WHAT YOU SHOULD DO: Retype, without any change, the line that contains "y) = (\<lambda>c." and every line that follows it to the end of the entries, and nothing else.

*** Opening of ENTRIES PROVIDED ***

lemma even_superder_std_der:
  assumes "lam = 0 \<or> d = 0" and D: "\<forall>x\<in>Vsp. D x = std_der lam a b c d x"
  shows "even_superder_deg0 lam D"
  unfolding even_superder_deg0_def
proof (intro conjI)
  show "\<forall>x\<in>Vsp. D x \<in> Vsp"
    using D std_der_in_Vsp by simp
  show "\<forall>x\<in>Vsp. \<forall>y\<in>Vsp. D (\<lambda>b. x b + y b) = (\<lambda>b. D x b + D y b)"
    using D Vsp_add vsp_linear_add[OF vsp_linear_std_der] by simp
  show "\<forall>a. \<forall>x\<in>Vsp. D (\<lambda>b. a * x b) = (\<lambda>b. a * D x b)"
    using D Vsp_scale vsp_linear_scale[OF vsp_linear_std_der] by simp
  show "\<forall>x\<in>Vsp. (\<forall>b. x b \<noteq> 0 \<longrightarrow> evenb b) \<longrightarrow> (\<forall>b. D x b \<noteq> 0 \<longrightarrow> evenb b)"
    using D std_der_nonzero_imp by (metis evenb_twin)
  show "\<forall>x\<in>Vsp. (\<forall>b. x b \<noteq> 0 \<longrightarrow> \<not> evenb b) \<longrightarrow> (\<forall>b. D x b \<noteq> 0 \<longrightarrow> \<not> evenb b)"
    using D std_der_nonzero_imp by (metis evenb_twin)
  show "\<forall>q. \<forall>x\<in>Vsp. (\<forall>b. x b \<noteq> 0 \<longrightarrow> idx b = q) \<longrightarrow> (\<forall>b. D x b \<noteq> 0 \<longrightarrow> idx b = q)"
    using D std_der_nonzero_imp by (metis idx_twin)
  show "\<forall>x\<in>Vsp. \<forall>y\<in>Vsp. D (br lam x y) = (\<lambda>c. br lam (D x) y c + br lam x (D y) c)"
    using D br_in_Vsp std_der_derivation[OF assms(1)] by simp
qed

*** Close of ENTRIES PROVIDED ***

OUTPUT OF THE TASK:
  show "\<forall>x\<in>Vsp. \<forall>y\<in>Vsp. D (br lam x y) = (\<lambda>c. br lam (D x) y c + br lam x (D y) c)"
    using D br_in_Vsp std_der_derivation[OF assms(1)] by simp
qed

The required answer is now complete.